»»
lemma entire_factor_zeros:
  fixes F :: "complex \<Rightarrow> complex"
  assumes "finite Z" "F holomorphic_on UNIV" "\<exists>z. F z \<noteq> 0"
  shows "\<exists>G. G holomorphic_on UNIV \<and> (\<forall>w. F w = (\<Prod>c\<in>Z. (w - c) ^ nat (zorder F c)) * G w)
             \<and> (\<forall>c\<in>Z. G c \<noteq> 0)"
  using assms
proof (induction Z arbitrary: F rule: finite_induct)
  case (insert c Z)
  define k where "k = nat (zorder F c)"
  obtain G1 where G1: "G1 holomorphic_on UNIV" "\<And>w. F w = (w - c) ^ k * G1 w" "G1 c \<noteq> 0"
    using entire_factor_zero[OF insert.prems] unfolding k_def by blast
  from insert.prems(2) obtain z0 where z0: "F z0 \<noteq> 0" by blast
  then have "\<exists>z. G1 z \<noteq> 0"
    using G1(2)[of z0] by auto
  then obtain G where G: "G holomorphic_on UNIV"
    "\<And>w. G1 w = (\<Prod>d\<in>Z. (w - d) ^ nat (zorder G1 d)) * G w" "\<And>d. d \<in> Z \<Longrightarrow> G d \<noteq> 0"
    using insert.IH[OF G1(1)] by blast
  have F_eq: "F = (\<lambda>w. (w - c) ^ k * G1 w)"
    using G1(2) by auto
  have "zorder F d = zorder G1 d" if "d \<in> Z" for d
  proof -
    have "\<forall>\<^sub>F w in at d. F w \<noteq> 0"
      using non_zero_neighbour_alt[OF insert.prems(1) _ _ _ _ z0, of d] by (auto elim: eventually_mono)
    then have "zorder F d = zorder (\<lambda>w. (w - c) ^ k) d + zorder G1 d"
      unfolding F_eq
      by (intro zorder_times_analytic analytic_intros holomorphic_on_imp_analytic_at[OF G1(1)]) auto
    moreover have "zorder (\<lambda>w. (w - c) ^ k) d = 0"
      using that insert.hyps by (intro zorder_eq_0I analytic_intros) auto
    ultimately show ?thesis
      by simp
  qed
  then have "F w = (\<Prod>d\<in>insert c Z. (w - d) ^ nat (zorder F d)) * G w" for w
    using insert.hyps G1(2)[of w] G(2)[of w] unfolding k_def by (simp add: mult.assoc cong: prod.cong)
  moreover have "G c \<noteq> 0"
    using G1(3) G(2)[of c] by auto
  ultimately show ?case
    using G(1,3) by blast
qed auto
««
**YOUR ASSIGNMENT**
Which of the lines above carry the string "case"? Copy every one.

**OUTPUT**
  case (insert c Z)
  ultimately show ?case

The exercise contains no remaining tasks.